Benutzerspezifische Werkzeuge

Clinical Components

Bedside-to-bench approach: Critical elements of the necessary infrastructure to support acquisition of clinical materials and data for bedside-to-bench studies include an appropriate level of support for the design and implementation of clinical studies, including dedicated space and staffing for patient-oriented research. Clinical materials – including serum, urine, tumour or normal tissue samples – collected into biobanks are of limited utility unless they are also linked to relevant key patient information that allows for appropriate interpretation of the scientific data derived from analyses of those materials at the bench. Thus, the clinical materials for studies at the bench are preferably obtained under institutional ethics committee (IEC) approved clinical protocols supported by a sound rationale and solid scientific objectives to allow for recruitment of human subjects and collection of all relevant medical information.

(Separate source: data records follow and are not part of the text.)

lemma interpolate_in_Lambda:
  assumes tc: "\<forall>i<k. t i < t (Suc i)" and \<tau>c: "\<forall>i<k. \<tau> i < \<tau> (Suc i)"
    and "t 0 = 0" "\<tau> 0 = 0" "t k = 1" "\<tau> k = 1"
  shows "interpolate t \<tau> k \<in> Lambda"
proof -
  define lam where "lam = interpolate t \<tau> k"
  have \<tau>c': "\<forall>i<k. \<tau> i \<le> \<tau> (Suc i)"
    using \<tau>c by (auto intro: less_imp_le)
  have lam01: "lam 0 = 0" "lam 1 = 1"
    unfolding lam_def using interpolate_first[OF tc] interpolate_last[OF tc] assms(3-6) by simp_all
  have mono: "mono_on {0..1} lam"
    unfolding lam_def using tc \<tau>c' by (auto intro: mono_onI interpolate_mono)
  have "inj_on lam {0..1}"
  proof (rule inj_onI)
    fix s u assume "s \<in> {0..1}" "u \<in> {0..1}" "lam s = lam u"
    then show "s = u"
      using interpolate_strict_mono[OF tc \<tau>c, of s u] interpolate_strict_mono[OF tc \<tau>c, of u s]
        assms(3,5) unfolding lam_def by (cases s u rule: linorder_cases) auto
  qed
  moreover have cont: "continuous_on {0..1} lam"
  proof -
    have "\<forall>i\<in>{..<k}. t (Suc i) - t i \<noteq> 0"
      using tc by force
    then show ?thesis
      unfolding lam_def interpolate_def by (intro continuous_intros) auto
  qed
  moreover have "lam ` {0..1} = {0..1}"
  proof
    show "lam ` {0..1} \<subseteq> {0..1}"
    proof (rule image_subsetI)
      fix v :: real assume "v \<in> {0..1}"
      then show "lam v \<in> {0..1}"
        using mono_onD[OF mono, of 0 v] mono_onD[OF mono, of v 1] lam01 by auto
    qed
    show "{0..1} \<subseteq> lam ` {0..1}"
      using IVT'[of lam 0 _ 1] lam01 cont by fastforce
  qed
  ultimately obtain mu where "homeomorphism {0..1} {0..1} lam mu"
    using homeomorphism_compact[OF compact_Icc] by metis
  with mono show ?thesis
    unfolding Lambda_def lam_def by blast
qed

lemma interpolate_close_to_id:
  assumes tc: "\<forall>i<k. t i < t (Suc i)" and close: "\<forall>i\<le>k. t i \<le> \<tau> i \<and> \<tau> i \<le> t i + \<delta>"
    and "t 0 \<le> s" "s \<le> t k"
  shows "\<bar>interpolate t \<tau> k s - s\<bar> \<le> \<delta>"
proof (cases "s = t k")
  case True
  then show ?thesis
    using interpolate_last[OF tc] close by auto
next
  case False
  with assms(3,4) obtain j where j: "j < k" "t j \<le> s" "s < t (Suc j)"
    using strict_chain_locate[OF tc] by fastforce
  define \<theta> where "\<theta> = (s - t j) / (t (Suc j) - t j)"
  have \<theta>: "0 \<le> \<theta>" "\<theta> \<le> 1"
    unfolding \<theta>_def using tc j by auto
  have ss: "s = t j + (t (Suc j) - t j) * \<theta>"
    unfolding \<theta>_def using tc j by simp
  have "interpolate t \<tau> k s = \<tau> j + (\<tau> (Suc j) - \<tau> j) * \<theta>"
    unfolding \<theta>_def using interpolate_on_cell[OF tc j(1,2)] j(3) by simp
  then have "interpolate t \<tau> k s - s = (1 - \<theta>) * (\<tau> j - t j) + \<theta> * (\<tau> (Suc j) - t (Suc j))"
    by (subst ss) (simp add: algebra_simps)
  moreover have "0 \<le> \<tau> j - t j" "\<tau> j - t j \<le> \<delta>" "0 \<le> \<tau> (Suc j) - t (Suc j)" "\<tau> (Suc j) - t (Suc j) \<le> \<delta>"
    using close j(1) by (auto dest: spec[of _ j] spec[of _ "Suc j"])
  ultimately show ?thesis
    using \<theta> convex_bound_le[of "\<tau> j - t j" \<delta> "\<tau> (Suc j) - t (Suc j)" "1 - \<theta>" \<theta>]
      mult_nonneg_nonneg[of "1 - \<theta>" "\<tau> j - t j"] mult_nonneg_nonneg[of \<theta> "\<tau> (Suc j) - t (Suc j)"]
    by simp
qed

lemma dyadic_step_cell_estimate:
  assumes "dyadic_step n y" "\<forall>u\<in>{a..<b}. \<bar>x u - x a\<bar> < e" "s \<in> {a..<b}"
    and "of_int \<lceil>a * 2 ^ n\<rceil> / 2 ^ n \<le> v" "v < of_int \<lceil>b * 2 ^ n\<rceil> / 2 ^ n" "0 \<le> v" "v < 1"
  shows "\<bar>y v - x s\<bar> \<le> 2 * e + Max ((\<lambda>d. \<bar>y d - x d\<bar>) ` dyadic n)"
proof -
  define d where "d = of_int \<lfloor>v * 2 ^ n\<rfloor> / (2 ^ n :: real)"
  have "d \<in> {a..<b}"
    unfolding d_def using floor_grid_between[of "2 ^ n" a v b] assms(4,5) by simp
  with assms(2,3) have "\<bar>x d - x a\<bar> < e" "\<bar>x s - x a\<bar> < e"
    by auto
  moreover have "y v = y d" "d \<in> dyadic n"
    unfolding d_def using dyadic_step_floor[OF assms(1,6,7)] by auto
  ultimately show ?thesis
    using dyadic_le_Max[of d n y x] by simp
qed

For research directed at rare disorders, such as those affecting or involving the adrenal glands, multi-institutional studies are usually mandatory to ensure an adequately sized collection of patient materials and data. Consistency of collections is best facilitated by standard operating procedures (SOPs) and a centralized system for electronic collection of patient data, including a linked database inventory outlining availability of procured human materials at participating sites. Z-project based-support of elements critical for patient-oriented research, as covered below, ensures that the appropriate infrastructure is in place for the bedside-to-bench research outlined in individual projects. More importantly for the future, this infrastructure provides the necessary support at the clinic that, together with infrastructure outlined below for mouse models, will ensure success of future bench-to-bedside initiatives arising from those projects.